(Stored dataset items)
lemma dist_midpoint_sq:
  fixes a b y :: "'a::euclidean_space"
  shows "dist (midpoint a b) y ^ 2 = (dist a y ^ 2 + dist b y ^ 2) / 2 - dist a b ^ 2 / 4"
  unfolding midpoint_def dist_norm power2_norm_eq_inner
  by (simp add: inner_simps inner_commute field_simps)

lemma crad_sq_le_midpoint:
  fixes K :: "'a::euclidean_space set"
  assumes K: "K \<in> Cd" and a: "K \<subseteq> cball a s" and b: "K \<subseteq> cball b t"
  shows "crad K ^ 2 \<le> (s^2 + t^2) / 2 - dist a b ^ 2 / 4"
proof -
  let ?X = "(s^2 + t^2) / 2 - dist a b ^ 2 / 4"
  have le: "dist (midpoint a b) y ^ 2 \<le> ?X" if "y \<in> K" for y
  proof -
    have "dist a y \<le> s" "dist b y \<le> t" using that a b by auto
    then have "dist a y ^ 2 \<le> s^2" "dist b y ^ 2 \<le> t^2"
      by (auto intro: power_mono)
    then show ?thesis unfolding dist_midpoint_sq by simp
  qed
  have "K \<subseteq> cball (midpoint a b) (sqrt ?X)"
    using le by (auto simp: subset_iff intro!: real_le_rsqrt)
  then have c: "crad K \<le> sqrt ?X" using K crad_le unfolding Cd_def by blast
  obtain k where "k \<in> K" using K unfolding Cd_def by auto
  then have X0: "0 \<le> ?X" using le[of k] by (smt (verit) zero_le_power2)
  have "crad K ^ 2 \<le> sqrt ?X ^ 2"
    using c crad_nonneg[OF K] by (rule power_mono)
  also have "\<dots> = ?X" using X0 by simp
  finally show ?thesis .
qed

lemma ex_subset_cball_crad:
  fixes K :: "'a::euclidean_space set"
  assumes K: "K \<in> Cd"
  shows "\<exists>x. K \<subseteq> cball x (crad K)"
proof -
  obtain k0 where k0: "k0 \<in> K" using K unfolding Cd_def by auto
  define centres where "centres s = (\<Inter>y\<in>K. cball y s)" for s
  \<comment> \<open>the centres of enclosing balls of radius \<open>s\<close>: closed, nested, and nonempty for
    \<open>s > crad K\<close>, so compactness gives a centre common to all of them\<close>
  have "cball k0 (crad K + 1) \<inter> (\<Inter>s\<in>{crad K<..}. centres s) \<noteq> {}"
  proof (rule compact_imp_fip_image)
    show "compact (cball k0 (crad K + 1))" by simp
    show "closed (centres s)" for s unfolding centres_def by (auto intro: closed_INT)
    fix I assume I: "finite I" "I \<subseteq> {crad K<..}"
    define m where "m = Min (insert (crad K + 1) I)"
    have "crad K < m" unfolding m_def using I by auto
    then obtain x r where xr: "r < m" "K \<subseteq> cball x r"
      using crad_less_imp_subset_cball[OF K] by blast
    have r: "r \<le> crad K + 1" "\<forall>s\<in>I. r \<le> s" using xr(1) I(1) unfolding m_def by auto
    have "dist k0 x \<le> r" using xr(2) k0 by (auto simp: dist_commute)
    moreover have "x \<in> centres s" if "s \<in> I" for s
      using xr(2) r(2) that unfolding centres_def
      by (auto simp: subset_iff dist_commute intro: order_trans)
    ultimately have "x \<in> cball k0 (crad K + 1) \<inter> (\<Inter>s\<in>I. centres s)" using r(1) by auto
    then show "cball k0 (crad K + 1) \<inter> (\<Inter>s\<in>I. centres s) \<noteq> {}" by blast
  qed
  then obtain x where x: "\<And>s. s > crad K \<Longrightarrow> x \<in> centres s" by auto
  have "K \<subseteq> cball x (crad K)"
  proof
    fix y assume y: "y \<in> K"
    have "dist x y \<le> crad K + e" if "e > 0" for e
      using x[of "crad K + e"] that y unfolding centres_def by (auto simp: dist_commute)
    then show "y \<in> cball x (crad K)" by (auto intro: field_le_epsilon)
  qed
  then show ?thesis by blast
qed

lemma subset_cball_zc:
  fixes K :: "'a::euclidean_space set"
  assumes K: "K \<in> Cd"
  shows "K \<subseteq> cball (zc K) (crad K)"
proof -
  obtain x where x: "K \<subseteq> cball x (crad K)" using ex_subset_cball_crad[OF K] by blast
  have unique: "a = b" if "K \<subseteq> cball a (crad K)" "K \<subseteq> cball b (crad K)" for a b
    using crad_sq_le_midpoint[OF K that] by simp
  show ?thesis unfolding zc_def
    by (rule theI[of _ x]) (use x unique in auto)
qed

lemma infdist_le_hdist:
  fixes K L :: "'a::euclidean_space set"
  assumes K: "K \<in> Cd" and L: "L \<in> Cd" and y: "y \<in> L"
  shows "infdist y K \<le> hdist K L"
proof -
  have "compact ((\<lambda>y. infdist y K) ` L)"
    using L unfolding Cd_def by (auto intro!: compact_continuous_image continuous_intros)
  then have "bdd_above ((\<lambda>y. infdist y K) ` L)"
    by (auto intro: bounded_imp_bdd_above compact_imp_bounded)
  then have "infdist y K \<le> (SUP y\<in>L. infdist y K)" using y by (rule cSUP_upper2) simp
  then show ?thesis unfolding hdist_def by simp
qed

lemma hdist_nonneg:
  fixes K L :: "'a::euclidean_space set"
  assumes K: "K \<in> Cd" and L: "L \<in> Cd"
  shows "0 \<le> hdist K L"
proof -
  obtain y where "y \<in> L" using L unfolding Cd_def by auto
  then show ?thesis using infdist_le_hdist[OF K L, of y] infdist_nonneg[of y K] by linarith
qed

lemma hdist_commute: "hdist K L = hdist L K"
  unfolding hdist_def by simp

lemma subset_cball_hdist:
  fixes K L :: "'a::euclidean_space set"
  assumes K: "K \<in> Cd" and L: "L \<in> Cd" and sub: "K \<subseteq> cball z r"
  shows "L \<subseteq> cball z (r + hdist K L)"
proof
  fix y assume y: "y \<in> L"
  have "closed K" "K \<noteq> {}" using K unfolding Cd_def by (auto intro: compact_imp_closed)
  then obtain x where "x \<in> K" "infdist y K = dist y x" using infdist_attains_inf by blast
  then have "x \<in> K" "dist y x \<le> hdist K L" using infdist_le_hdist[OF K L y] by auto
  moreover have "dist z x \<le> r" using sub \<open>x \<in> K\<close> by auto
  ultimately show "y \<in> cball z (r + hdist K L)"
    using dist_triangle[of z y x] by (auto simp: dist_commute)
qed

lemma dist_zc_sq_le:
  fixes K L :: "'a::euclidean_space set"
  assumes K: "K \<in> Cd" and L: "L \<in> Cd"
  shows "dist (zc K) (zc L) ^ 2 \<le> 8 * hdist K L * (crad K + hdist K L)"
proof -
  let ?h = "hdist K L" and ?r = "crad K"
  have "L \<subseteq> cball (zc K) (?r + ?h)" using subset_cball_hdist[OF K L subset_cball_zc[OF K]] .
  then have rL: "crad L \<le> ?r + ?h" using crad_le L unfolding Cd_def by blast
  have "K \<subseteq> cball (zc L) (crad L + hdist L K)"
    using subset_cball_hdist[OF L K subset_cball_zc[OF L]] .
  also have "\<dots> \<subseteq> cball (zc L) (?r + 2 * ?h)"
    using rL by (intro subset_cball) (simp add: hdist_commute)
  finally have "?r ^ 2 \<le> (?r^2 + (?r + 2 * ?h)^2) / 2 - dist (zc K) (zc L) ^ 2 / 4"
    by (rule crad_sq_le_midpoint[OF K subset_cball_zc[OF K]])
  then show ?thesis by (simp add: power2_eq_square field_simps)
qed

* **Exercise description**
Could you return every record above exactly as written?

* **Reply**
lemma dist_midpoint_sq:
  fixes a b y :: "'a::euclidean_space"
  shows "dist (midpoint a b) y ^ 2 = (dist a y ^ 2 + dist b y ^ 2) / 2 - dist a b ^ 2 / 4"
  unfolding midpoint_def dist_norm power2_norm_eq_inner
  by (simp add: inner_simps inner_commute field_simps)

lemma crad_sq_le_midpoint:
  fixes K :: "'a::euclidean_space set"
  assumes K: "K \<in> Cd" and a: "K \<subseteq> cball a s" and b: "K \<subseteq> cball b t"
  shows "crad K ^ 2 \<le> (s^2 + t^2) / 2 - dist a b ^ 2 / 4"
proof -
  let ?X = "(s^2 + t^2) / 2 - dist a b ^ 2 / 4"
  have le: "dist (midpoint a b) y ^ 2 \<le> ?X" if "y \<in> K" for y
  proof -
    have "dist a y \<le> s" "dist b y \<le> t" using that a b by auto
    then have "dist a y ^ 2 \<le> s^2" "dist b y ^ 2 \<le> t^2"
      by (auto intro: power_mono)
    then show ?thesis unfolding dist_midpoint_sq by simp
  qed
  have "K \<subseteq> cball (midpoint a b) (sqrt ?X)"
    using le by (auto simp: subset_iff intro!: real_le_rsqrt)
  then have c: "crad K \<le> sqrt ?X" using K crad_le unfolding Cd_def by blast
  obtain k where "k \<in> K" using K unfolding Cd_def by auto
  then have X0: "0 \<le> ?X" using le[of k] by (smt (verit) zero_le_power2)
  have "crad K ^ 2 \<le> sqrt ?X ^ 2"
    using c crad_nonneg[OF K] by (rule power_mono)
  also have "\<dots> = ?X" using X0 by simp
  finally show ?thesis .
qed

lemma ex_subset_cball_crad:
  fixes K :: "'a::euclidean_space set"
  assumes K: "K \<in> Cd"
  shows "\<exists>x. K \<subseteq> cball x (crad K)"
proof -
  obtain k0 where k0: "k0 \<in> K" using K unfolding Cd_def by auto
  define centres where "centres s = (\<Inter>y\<in>K. cball y s)" for s
  \<comment> \<open>the centres of enclosing balls of radius \<open>s\<close>: closed, nested, and nonempty for
    \<open>s > crad K\<close>, so compactness gives a centre common to all of them\<close>
  have "cball k0 (crad K + 1) \<inter> (\<Inter>s\<in>{crad K<..}. centres s) \<noteq> {}"
  proof (rule compact_imp_fip_image)
    show "compact (cball k0 (crad K + 1))" by simp
    show "closed (centres s)" for s unfolding centres_def by (auto intro: closed_INT)
    fix I assume I: "finite I" "I \<subseteq> {crad K<..}"
    define m where "m = Min (insert (crad K + 1) I)"
    have "crad K < m" unfolding m_def using I by auto
    then obtain x r where xr: "r < m" "K \<subseteq> cball x r"
      using crad_less_imp_subset_cball[OF K] by blast
    have r: "r \<le> crad K + 1" "\<forall>s\<in>I. r \<le> s" using xr(1) I(1) unfolding m_def by auto
    have "dist k0 x \<le> r" using xr(2) k0 by (auto simp: dist_commute)
    moreover have "x \<in> centres s" if "s \<in> I" for s
      using xr(2) r(2) that unfolding centres_def
      by (auto simp: subset_iff dist_commute intro: order_trans)
    ultimately have "x \<in> cball k0 (crad K + 1) \<inter> (\<Inter>s\<in>I. centres s)" using r(1) by auto
    then show "cball k0 (crad K + 1) \<inter> (\<Inter>s\<in>I. centres s) \<noteq> {}" by blast
  qed
  then obtain x where x: "\<And>s. s > crad K \<Longrightarrow> x \<in> centres s" by auto
  have "K \<subseteq> cball x (crad K)"
  proof
    fix y assume y: "y \<in> K"
    have "dist x y \<le> crad K + e" if "e > 0" for e
      using x[of "crad K + e"] that y unfolding centres_def by (auto simp: dist_commute)
    then show "y \<in> cball x (crad K)" by (auto intro: field_le_epsilon)
  qed
  then show ?thesis by blast
qed

lemma subset_cball_zc:
  fixes K :: "'a::euclidean_space set"
  assumes K: "K \<in> Cd"
  shows "K \<subseteq> cball (zc K) (crad K)"
proof -
  obtain x where x: "K \<subseteq> cball x (crad K)" using ex_subset_cball_crad[OF K] by blast
  have unique: "a = b" if "K \<subseteq> cball a (crad K)" "K \<subseteq> cball b (crad K)" for a b
    using crad_sq_le_midpoint[OF K that] by simp
  show ?thesis unfolding zc_def
    by (rule theI[of _ x]) (use x unique in auto)
qed

lemma infdist_le_hdist:
  fixes K L :: "'a::euclidean_space set"
  assumes K: "K \<in> Cd" and L: "L \<in> Cd" and y: "y \<in> L"
  shows "infdist y K \<le> hdist K L"
proof -
  have "compact ((\<lambda>y. infdist y K) ` L)"
    using L unfolding Cd_def by (auto intro!: compact_continuous_image continuous_intros)
  then have "bdd_above ((\<lambda>y. infdist y K) ` L)"
    by (auto intro: bounded_imp_bdd_above compact_imp_bounded)
  then have "infdist y K \<le> (SUP y\<in>L. infdist y K)" using y by (rule cSUP_upper2) simp
  then show ?thesis unfolding hdist_def by simp
qed

lemma hdist_nonneg:
  fixes K L :: "'a::euclidean_space set"
  assumes K: "K \<in> Cd" and L: "L \<in> Cd"
  shows "0 \<le> hdist K L"
proof -
  obtain y where "y \<in> L" using L unfolding Cd_def by auto
  then show ?thesis using infdist_le_hdist[OF K L, of y] infdist_nonneg[of y K] by linarith
qed

lemma hdist_commute: "hdist K L = hdist L K"
  unfolding hdist_def by simp

lemma subset_cball_hdist:
  fixes K L :: "'a::euclidean_space set"
  assumes K: "K \<in> Cd" and L: "L \<in> Cd" and sub: "K \<subseteq> cball z r"
  shows "L \<subseteq> cball z (r + hdist K L)"
proof
  fix y assume y: "y \<in> L"
  have "closed K" "K \<noteq> {}" using K unfolding Cd_def by (auto intro: compact_imp_closed)
  then obtain x where "x \<in> K" "infdist y K = dist y x" using infdist_attains_inf by blast
  then have "x \<in> K" "dist y x \<le> hdist K L" using infdist_le_hdist[OF K L y] by auto
  moreover have "dist z x \<le> r" using sub \<open>x \<in> K\<close> by auto
  ultimately show "y \<in> cball z (r + hdist K L)"
    using dist_triangle[of z y x] by (auto simp: dist_commute)
qed

lemma dist_zc_sq_le:
  fixes K L :: "'a::euclidean_space set"
  assumes K: "K \<in> Cd" and L: "L \<in> Cd"
  shows "dist (zc K) (zc L) ^ 2 \<le> 8 * hdist K L * (crad K + hdist K L)"
proof -
  let ?h = "hdist K L" and ?r = "crad K"
  have "L \<subseteq> cball (zc K) (?r + ?h)" using subset_cball_hdist[OF K L subset_cball_zc[OF K]] .
  then have rL: "crad L \<le> ?r + ?h" using crad_le L unfolding Cd_def by blast
  have "K \<subseteq> cball (zc L) (crad L + hdist L K)"
    using subset_cball_hdist[OF L K subset_cball_zc[OF L]] .
  also have "\<dots> \<subseteq> cball (zc L) (?r + 2 * ?h)"
    using rL by (intro subset_cball) (simp add: hdist_commute)
  finally have "?r ^ 2 \<le> (?r^2 + (?r + 2 * ?h)^2) / 2 - dist (zc K) (zc L) ^ 2 / 4"
    by (rule crad_sq_le_midpoint[OF K subset_cball_zc[OF K]])
  then show ?thesis by (simp add: power2_eq_square field_simps)
qed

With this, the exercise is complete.